Fort de ses multiples charmes, ce petit bout de pays retient sans peine les adeptes du voyage en mode tortue.
Avantage, Tad Lo
Des atouts maîtres
- Trois cascades inégalement spectaculaires mais toutes baignables.
- Des parcours balisés à trimarder sans modération; Balisés, oui! C’est très rare au Laos.
- Proximité de villages ethniques Ta-Oy, Nyé, Pakoh et Katu – à traverser, à rencontrer –
- Une population aimable, souriante qui vit chichement de ce tourisme et n’en est pas (encore) saturée.
- Des fruiteries, des épiceries, un marché quotidien, un distributeur de billets (au fonctionnement très capricieux, ne misez pas tout dessus).
- Une belle variété de menus dans les cambuses pour répondre à la demande…(Beurre d’arachide, confiture, caviar de tomate, spaghetti bolo, curry-coco thaï, frites!)
- Une douceur de vivre dans une simplicité globale, naturelle, au stress minimal.
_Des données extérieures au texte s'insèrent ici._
text \<open>With \<open>z = max 0 a\<close> and \<open>u = exp (z/4)\<close>: \<open>x * sqrt z \<le> x\<^sup>2 + z/4\<close>, and
  \<open>2 * u \<le> w * u\<^sup>2 + 1/w\<close> by AM-GM.\<close>
lemma exp_mult_sqrt_max_le:
  fixes x a w :: real
  assumes w: "0 < w" "w \<le> 1"
  shows "exp (x * sqrt (max 0 a)) \<le> exp (x\<^sup>2) * ((1 + w * exp (a / 2) + 1 / w) / 2)"
proof -
  define z where "z = max 0 a"
  define u where "u = exp (z / 4)"
  have "x * sqrt z \<le> x\<^sup>2 + z / 4"
    using sum_power2_ge_zero[of "x - sqrt z / 2" 0] by (simp add: z_def power2_eq_square algebra_simps)
  hence "exp (x * sqrt z) \<le> exp (x\<^sup>2) * u"
    by (simp add: u_def exp_add[symmetric])
  also have "\<dots> \<le> exp (x\<^sup>2) * ((1 + w * exp (a / 2) + 1 / w) / 2)"
  proof (rule mult_left_mono)
    have "2 * u * w \<le> u\<^sup>2 * w * w + 1"
      using sum_power2_ge_zero[of "u * w - 1" 0] by (simp add: power2_eq_square algebra_simps)
    hence "2 * u \<le> u\<^sup>2 * w + 1 / w"
      using w by (simp add: field_simps power2_eq_square)
    moreover have "u\<^sup>2 \<le> 1 + exp (a / 2)"
      by (cases "a \<le> 0") (auto simp: u_def z_def max_def power2_eq_square exp_add[symmetric])
    hence "u\<^sup>2 * w \<le> (1 + exp (a / 2)) * w"
      using w by (intro mult_right_mono) auto
    moreover have "(1 + exp (a / 2)) * w \<le> 1 + w * exp (a / 2)"
      using w by (simp add: algebra_simps)
    ultimately have "2 * u \<le> 1 + w * exp (a / 2) + 1 / w"
      by linarith
    thus "u \<le> (1 + w * exp (a / 2) + 1 / w) / 2"
      by simp
  qed simp
  finally show ?thesis
    unfolding z_def .
qed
- Quelques « personnages clés » à croiser dont:
Mister Poh
Depuis 25 ans, le village a su profiter du développement touristique tout en maintenant son intégrité culturelle. L’intelligence et le charisme de M.Poh y sont pour beaucoup. Bien que propriétaire d’une guesthouse à succès, il a impulsé, en s’impliquant pleinement, nombre d’autres hébergements, restaurants et activités liées au passage des routards. Il a encouragé et aidé à lancer l’ouverture d’auberges aujourd’hui plus fréquentées que la sienne (il refuse de l’afficher sur les centrales de résa du Web). Il a impulsé cette diversité de l’offre en restauration en travaillant sur des recettes plus « ouvertes sur le monde ». Il a suggéré à Niay (du restaurant « I love you« ) l’idée de donner des cours de cuisine lao, Il a mis en valeur le travail de tissage des femmes et la mise en vente des produits. Il a encouragé l’accueil des voyageurs-travailleurs volontaires, lesquels ont mis leurs talents au service de la communauté.
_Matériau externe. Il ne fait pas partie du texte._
lemma int_pt_if_extreme_point_of_Q_chart:
  assumes "z extreme_point_of Q_chart i"
  shows "int_pt z"
proof (rule ccontr)
  assume "\<not> int_pt z"
  obtain x w where z: "z = (x, w)"
    by fastforce
  have xw: "(x, w) \<in> Q_chart i"
    using assms z by (simp add: extreme_point_of_def)
  then have "w $ i = 0"
    by (simp add: Q_chart_def)
  obtain dx dw where "(dx, dw) \<noteq> 0" and "dw $ i = 0"
    and "\<And>k. x $ k \<in> \<int> \<Longrightarrow> dx $ k = 0" and "\<And>j. w $ j \<in> \<int> \<Longrightarrow> dw $ j = 0"
    and "\<And>k. x $ k - vsum w \<in> \<int> \<Longrightarrow> dx $ k = vsum dw"
    using \<open>\<not> int_pt z\<close> \<open>w $ i = 0\<close> unfolding z by (rule fractional_direction) blast
  with xw have "\<forall>\<^sub>F e in at_right 0.
      z + e *\<^sub>R (dx, dw) \<in> Q_chart i \<and> z - e *\<^sub>R (dx, dw) \<in> Q_chart i"
    unfolding z by (simp add: eventually_Q_chart_perturb)
  with \<open>(dx, dw) \<noteq> 0\<close> show False
    using assms not_extreme_point_of_two_sided by blast
qed

lemma lattice_polytopeI:
  fixes S :: "((real^'a::finite) \<times> (real^'b::finite)) set"
  assumes "compact S" and "polyhedron S" and "\<And>v. v extreme_point_of S \<Longrightarrow> int_pt v"
  shows "lattice_polytope S"
  unfolding lattice_polytope_def
proof (intro exI conjI ballI)
  show "finite {v. v extreme_point_of S}"
    using assms(2) by (rule finite_polyhedron_extreme_points)
  show "S = convex hull {v. v extreme_point_of S}"
    using assms(1,2) by (simp add: Krein_Milman_Minkowski polyhedron_imp_convex)
qed (use assms(3) in blast)

lemma lattice_polytope_Q_chart:
  "lattice_polytope (Q_chart i :: ((real^'a::finite) \<times> (real^'b::finite)) set)"
  using compact_Q_chart polyhedron_Q_chart int_pt_if_extreme_point_of_Q_chart by (rule lattice_polytopeI)

lemma finite_v_rd_Sset:
  assumes "CARD('r::finite) \<ge> 2"
  shows "finite (v_rd ` (Sset :: ((real^'r) \<times> (real^'d::{finite,linorder})) set))"
  by (simp add: v_rd_Sset[OF assms])

lemma v_rd_Sset_subset_Tset:
  assumes "CARD('r::finite) \<ge> 2"
  shows "v_rd ` (Sset :: ((real^'r) \<times> (real^'d::{finite,linorder})) set) \<subseteq> Tset"
  by (auto simp: v_rd_Sset[OF assms] vmin_axis[OF assms] vmin_ones vmin_minus_ones vsum_axis
      vsum_uminus Tset_def int_pt_def is_int_vec_def axis_nth_if)

theorem mainTheorem18:
  fixes P :: "((real^'d::{finite,linorder}) \<times> (real^'r::finite)) set"
  assumes "CARD('d) \<ge> 2" and "CARD('r) \<ge> 2"
    and "P = Ppoly"
  shows "compact P
    \<and> (\<forall>i::'r. lattice_polytope (phi i ` P))
    \<and> integral_PL_polytope P
    \<and> chart_GF P"
proof -
  have P_eq: "P = P_coords"
    using assms(3) Ppoly_eq_P_coords[OF assms(2)] by simp
  then have "compact P"
    by (simp add: compact_P_coords)
  moreover have lattice: "\<forall>i::'r. lattice_polytope (phi i ` P)"
    by (simp add: P_eq phi_image_P_coords lattice_polytope_Q_chart)
  define F where "F = v_rd ` (Sset :: ((real^'r) \<times> (real^'d::{finite,linorder})) set)"
  have "finite F" and "F \<subseteq> Tset"
    unfolding F_def using finite_v_rd_Sset v_rd_Sset_subset_Tset assms(2) by blast+
  moreover have P_F: "P = MMR \<inter> \<Inter>{Hs p (-1) | p. p \<in> F}"
    unfolding assms(3) Ppoly_def F_def by blast
  moreover have "{Hs p c | p c. (p, c) \<in> (\<lambda>p. (p, -1)) ` F} = {Hs p (-1) | p. p \<in> F}"
    by blast
  ultimately have "PL_polytope P"
    unfolding PL_polytope_def
    by (intro conjI exI[of _ "(\<lambda>p. (p, -1)) ` F"]) auto
  then have "integral_PL_polytope P"
    using lattice by (simp add: integral_PL_polytope_def)
  moreover have "chart_GF P"
    unfolding chart_GF_def using \<open>integral_PL_polytope P\<close> \<open>finite F\<close> \<open>F \<subseteq> Tset\<close> P_F by blast
  ultimately show ?thesis
    using \<open>compact P\<close> lattice by blast
qed

end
Il conçoit de nouveaux itinéraires à suggérer aux touristes de passage.
Arguant du fait que la nature doit profiter à tous, il s’est battu contre les institutions du pays pour que l’accès aux cascades Lo reste gratuit, (très rare sur le plateau des Bolovens). Résultat cocasse: s’y rendre par la rive gauche coûte 30 000 Kip, alors que par la rive droite, c’est cadeau. En Bénévole toujours, il conduit quotidiennement le ramassage scolaire.
Le repas en famille
Une ou deux fois par semaine, il organise un dîner en famille. Vers 18h15, les convives sont invités à préparer les agapes: pluches, découpes, fabrication des nems, divers beignets, salades, brochettes et autres plats qui égaieront la table. M.Poh, mine d’or culturelle ne peut être plus prolixe que durant ces repas-événement.
En récompense, un environnement difficile à blâmer si l’on excepte parfois la présence de canettes, de bouteilles, de sac plastiques… De ce côté-là, il reste du boulot de conscientisation à propager). Cliquez sur les photos pour les agrandir.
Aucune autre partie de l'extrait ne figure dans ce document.